* Your instructions
Copy out all the lines in the records that include the word "unfolding".

Stored data entries

####################

definition spanning_property :: "(real^'n^'n) set \<Rightarrow> bool" where
  "spanning_property S \<longleftrightarrow> (\<forall>a \<in> sphere (0::real^'n) 1.
      polytope (convex hull ((\<lambda>A. A *v a) ` S)) \<and>
      aff_dim (convex hull ((\<lambda>A. A *v a) ` S)) = int CARD('n))"

definition convex_body :: "(real^'n) set \<Rightarrow> bool" where
  "convex_body K \<longleftrightarrow> compact K \<and> convex K \<and> K \<noteq> {}"

definition K0 :: "(real^'n^'n) set \<Rightarrow> (real^'n) set set" where
  "K0 S = {K. convex_body K \<and> 0 \<in> K \<and> (\<forall>A\<in>S. (\<lambda>x. A *v x) ` K = K)}"

definition support_fn :: "(real^'n) set \<Rightarrow> real^'n \<Rightarrow> real" where
  "support_fn K u = (SUP x\<in>K. x \<bullet> u)"

definition vol_V :: "(real^'n) set \<Rightarrow> real" where
  "vol_V K = real CARD('n) * measure lebesgue K"

definition F_minus_inf :: "(real^'n) set \<Rightarrow> real" where
  "F_minus_inf K = vol_V K / (INF u\<in>sphere 0 1. support_fn K u) ^ CARD('n)"

end

theory Submission
  imports Defs
begin

text \<open>Let the support function h of a maximizer \<Omega> attain its minimum r over the sphere at u.
  By the spanning property the orbit B of u under S is a finite spanning set of unit vectors with
  vanishing sum (a nonzero sum would be a fixed direction of S, whose orbit is a single point).
  Hence P = {x. b \<bullet> x \<le> r for all b \<in> B} is an S-invariant polytope. It contains \<Omega>, since
  b \<bullet> x \<le> h b = h u = r by invariance of h, and the minimum of its support function is still r,
  attained at u. Maximality then gives |P| \<le> |\<Omega>|, so P - \<Omega> is a null set; as P is convex with
  nonempty interior and \<Omega> is closed, this forces P = \<Omega>.\<close>

lemma cINF_eq_minimum:
  fixes f :: "'a \<Rightarrow> 'b::conditionally_complete_lattice"
  assumes "x0 \<in> X" "\<And>x. x \<in> X \<Longrightarrow> f x0 \<le> f x"
  shows "(INF x\<in>X. f x) = f x0"
  using assms by (intro cInf_eq_minimum) auto

lemma orthogonal_matrix_inv:
  fixes A :: "real^'n^'n"
  assumes "orthogonal_matrix A"
  shows "matrix_inv A = transpose A"
proof -
  have "A ** transpose A = mat 1 \<and> transpose A ** A = mat 1"
    using assms by (simp add: orthogonal_matrix_def)
  then have inv: "A ** matrix_inv A = mat 1 \<and> matrix_inv A ** A = mat 1"
    unfolding matrix_inv_def by (rule someI)
  have "matrix_inv A = (transpose A ** A) ** matrix_inv A"
    using assms by (simp add: orthogonal_matrix_def)
  also have "\<dots> = transpose A"
    using inv by (metis matrix_mul_assoc matrix_mul_rid)
  finally show ?thesis .
qed

lemma inner_matrix_vector_mul_transpose:
  fixes A :: "real^'n^'m"
  shows "(A *v x) \<bullet> y = x \<bullet> (transpose A *v y)"
  by (metis dot_lmul_matrix inner_commute transpose_matrix_vector)

lemma orthogonal_matrix_inner:
  fixes A :: "real^'n^'n"
  assumes "orthogonal_matrix A"
  shows "(A *v x) \<bullet> (A *v y) = x \<bullet> y"
  using assms
  by (simp add: inner_matrix_vector_mul_transpose matrix_vector_mul_assoc orthogonal_matrix_def)

lemma orthogonal_matrix_norm:
  fixes A :: "real^'n^'n"
  assumes "orthogonal_matrix A"
  shows "norm (A *v x) = norm x"
  using orthogonal_matrix_inner[OF assms, of x x] by (simp add: norm_eq_sqrt_inner)

lemma orthogonal_matrix_vector_mul_sum:
  fixes A :: "real^'n^'n"
  assumes "orthogonal_matrix A" "(\<lambda>x. A *v x) ` X = X"
  shows "A *v \<Sum>X = \<Sum>X"
proof -
  have "inj ((*v) A)"
    using assms(1) by (intro inj_on_inverseI[where g = "(*v) (transpose A)"])
      (simp add: matrix_vector_mul_assoc orthogonal_matrix_def)
  then have "(\<Sum>x\<in>X. A *v x) = \<Sum>((\<lambda>x. A *v x) ` X)"
    by (simp add: sum.reindex inj_on_subset)
  then show ?thesis
    using assms(2) by (simp add: vec.sum)
qed

lemma orth_subgroupD:
  assumes "orth_subgroup S" "A \<in> S"
  shows "orthogonal_matrix A" and "transpose A \<in> S"
  using assms orthogonal_matrix_inv unfolding orth_subgroup_def by (metis mem_Collect_eq subsetD)+

lemma orth_subgroup_image_eqI:
  assumes "orth_subgroup S" "A \<in> S" "\<And>B x. B \<in> S \<Longrightarrow> x \<in> X \<Longrightarrow> B *v x \<in> X"
  shows "(\<lambda>x. A *v x) ` X = X"
proof
  show "(\<lambda>x. A *v x) ` X \<subseteq> X"
    using assms(2,3) by auto
  show "X \<subseteq> (\<lambda>x. A *v x) ` X"
  proof
    fix x assume "x \<in> X"
    have "x = A *v (transpose A *v x)"
      using orth_subgroupD(1)[OF assms(1,2)]
      by (metis matrix_vector_mul_assoc matrix_vector_mul_lid orthogonal_matrix_def)
    then show "x \<in> (\<lambda>x. A *v x) ` X"
      using assms(3)[OF orth_subgroupD(2)[OF assms(1,2)] \<open>x \<in> X\<close>] by blast
  qed
qed

definition matrix_orbit :: "(real^'n^'n) set \<Rightarrow> real^'n \<Rightarrow> (real^'n) set" where
  "matrix_orbit S u = (\<lambda>A. A *v u) ` S"

lemma matrix_orbit_closed:
  assumes "orth_subgroup S" "A \<in> S" "b \<in> matrix_orbit S u"
  shows "A *v b \<in> matrix_orbit S u"
  using assms unfolding matrix_orbit_def orth_subgroup_def
  by (auto simp: matrix_vector_mul_assoc)

lemma mem_matrix_orbit_self:
  assumes "orth_subgroup S"
  shows "u \<in> matrix_orbit S u"
  using assms unfolding matrix_orbit_def orth_subgroup_def by force

lemma matrix_orbit_subset_sphere:
  assumes "orth_subgroup S" "u \<in> sphere 0 1"
  shows "matrix_orbit S u \<subseteq> sphere 0 1"
  using assms orth_subgroupD(1) orthogonal_matrix_norm unfolding matrix_orbit_def by fastforce

lemma bdd_above_inner_image:
  fixes K :: "'a::real_inner set"
  assumes "bounded K"
  shows "bdd_above ((\<lambda>x. x \<bullet> u) ` K)"
  using assms by (intro bounded_imp_bdd_above bounded_linear_image bounded_linear_inner_left)

lemma support_fn_upper:
  assumes "bounded K" "x \<in> K"
  shows "x \<bullet> u \<le> support_fn K u"
  unfolding support_fn_def using assms(2) bdd_above_inner_image[OF assms(1)] by (rule cSUP_upper)

lemma support_fn_least:
  assumes "K \<noteq> {}" "\<And>x. x \<in> K \<Longrightarrow> x \<bullet> u \<le> c"
  shows "support_fn K u \<le> c"
  unfolding support_fn_def using assms by (rule cSUP_least)

lemma support_fn_mono:
  assumes "K \<noteq> {}" "K \<subseteq> L" "bounded L"
  shows "support_fn K u \<le> support_fn L u"
  using assms support_fn_upper[OF assms(3)] by (intro support_fn_least) auto

lemma support_fn_matrix_vector_mul:
  "support_fn K (A *v u) = support_fn ((\<lambda>x. transpose A *v x) ` K) u"
proof -
  have "x \<bullet> (A *v u) = (transpose A *v x) \<bullet> u" for x
    by (metis inner_commute inner_matrix_vector_mul_transpose)
  then show ?thesis
    unfolding support_fn_def image_image by simp
qed

lemma support_fn_invariant:
  assumes "orth_subgroup S" "\<forall>B\<in>S. (\<lambda>x. B *v x) ` K = K" "A \<in> S"
  shows "support_fn K (A *v u) = support_fn K u"
proof -
  have "(\<lambda>x. transpose A *v x) ` K = K"
    using assms orth_subgroupD(2) by blast
  then show ?thesis
    by (simp only: support_fn_matrix_vector_mul)
qed

lemma support_fn_le_lipschitz:
  assumes "K \<noteq> {}" "\<And>x. x \<in> K \<Longrightarrow> norm x \<le> R"
  shows "support_fn K u \<le> support_fn K v + R * norm (u - v)"
proof (rule support_fn_least[OF assms(1)])
  fix x assume x: "x \<in> K"
  then have "bounded K"
    using assms(2) bounded_iff by blast
  have "x \<bullet> u = x \<bullet> v + x \<bullet> (u - v)"
    by (simp add: inner_diff_right)
  also have "x \<bullet> (u - v) \<le> norm x * norm (u - v)"
    by (rule norm_cauchy_schwarz)
  also have "\<dots> \<le> R * norm (u - v)"
    using assms(2)[OF x] by (simp add: mult_right_mono)
  finally show "x \<bullet> u \<le> support_fn K v + R * norm (u - v)"
    using support_fn_upper[OF \<open>bounded K\<close> x, of v] by linarith
qed

lemma continuous_on_support_fn:
  assumes "bounded K" "K \<noteq> {}"
  shows "continuous_on X (support_fn K)"
proof -
  obtain R where R: "R > 0" "\<And>x. x \<in> K \<Longrightarrow> norm x \<le> R"
    using assms(1) bounded_pos by blast
  have "R-lipschitz_on X (support_fn K)"
  proof (rule lipschitz_onI)
    fix u v
    show "dist (support_fn K u) (support_fn K v) \<le> R * dist u v"
      using support_fn_le_lipschitz[OF assms(2) R(2), of u v]
        support_fn_le_lipschitz[OF assms(2) R(2), of v u]
      by (simp add: dist_real_def dist_norm norm_minus_commute abs_le_iff)
  qed (use R in auto)
  then show ?thesis
    by (rule lipschitz_on_continuous_on)
qed

lemma support_fn_attains_min_on_sphere:
  fixes K :: "(real^'n) set"
  assumes "bounded K" "K \<noteq> {}"
  obtains u0 where "u0 \<in> sphere 0 1" "\<And>u. u \<in> sphere 0 1 \<Longrightarrow> support_fn K u0 \<le> support_fn K u"
proof -
  have "sphere (0::real^'n) 1 \<noteq> {}"
    by (simp add: sphere_eq_empty)
  then show ?thesis
    using continuous_attains_inf[OF compact_sphere _ continuous_on_support_fn[OF assms]] that
    by blast
qed

lemma extreme_point_of_unit_vector:
  fixes a :: "'a::real_inner"
  assumes "a \<in> C" "C \<subseteq> cball 0 1" "norm a = 1"
  shows "a extreme_point_of C"
  unfolding extreme_point_of_def
proof (intro conjI ballI notI)
  show "a \<in> C" by fact
  fix p q assume p: "p \<in> C" and q: "q \<in> C" and a: "a \<in> open_segment p q"
  then have "a \<noteq> p"
    by (auto simp: open_segment_def)
  from a obtain t where t: "0 < t" "t < 1" "a = (1 - t) *\<^sub>R p + t *\<^sub>R q"
    unfolding in_segment(2) by blast
  have np: "norm p \<le> 1" and nq: "norm q \<le> 1"
    using p q assms(2) by auto
  have pa: "p \<bullet> a \<le> 1" and qa: "q \<bullet> a \<le> 1"
    using norm_cauchy_schwarz[of p a] norm_cauchy_schwarz[of q a] np nq assms(3) by auto
  have "1 = a \<bullet> a"
    using assms(3) by (simp add: dot_square_norm)
  also have "\<dots> = (1 - t) * (p \<bullet> a) + t * (q \<bullet> a)"
    using t(3) by (simp add: inner_add_left)
  finally have "1 = (1 - t) * (p \<bullet> a) + t * (q \<bullet> a)" .
  moreover have "t * (q \<bullet> a) \<le> t" and "(1 - t) * (p \<bullet> a) \<le> 1 - t"
    using mult_left_mono[OF qa, of t] mult_left_mono[OF pa, of "1 - t"] t by auto
  ultimately have "1 - t \<le> (1 - t) * (p \<bullet> a)"
    by linarith
  then have "(1 - t) * 1 \<le> (1 - t) * (p \<bullet> a)"
    by simp
  then have "1 \<le> p \<bullet> a"
    using t(2) by (subst (asm) mult_le_cancel_left_pos) auto
  then have "p \<bullet> a = 1"
    using pa by linarith
  have "(norm (p - a))\<^sup>2 = p \<bullet> p - 2 * (p \<bullet> a) + a \<bullet> a"
    by (simp add: power2_norm_eq_inner inner_diff_left inner_diff_right inner_commute)
  also have "\<dots> \<le> 0"
    using \<open>p \<bullet> a = 1\<close> np assms(3) by (simp add: dot_square_norm power_le_one)
  finally have "(norm (p - a))\<^sup>2 \<le> 0" .
  then show False
    using \<open>a \<noteq> p\<close> by simp
qed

####################

* Solution to the problem
    unfolding matrix_inv_def by (rule someI)
  using assms orthogonal_matrix_inv unfolding orth_subgroup_def by (metis mem_Collect_eq subsetD)+
  using assms unfolding matrix_orbit_def orth_subgroup_def
  using assms unfolding matrix_orbit_def orth_subgroup_def by force
  using assms orth_subgroupD(1) orthogonal_matrix_norm unfolding matrix_orbit_def by fastforce
  unfolding support_fn_def using assms(2) bdd_above_inner_image[OF assms(1)] by (rule cSUP_upper)
  unfolding support_fn_def using assms by (rule cSUP_least)
    unfolding support_fn_def image_image by simp
  unfolding extreme_point_of_def
    unfolding in_segment(2) by blast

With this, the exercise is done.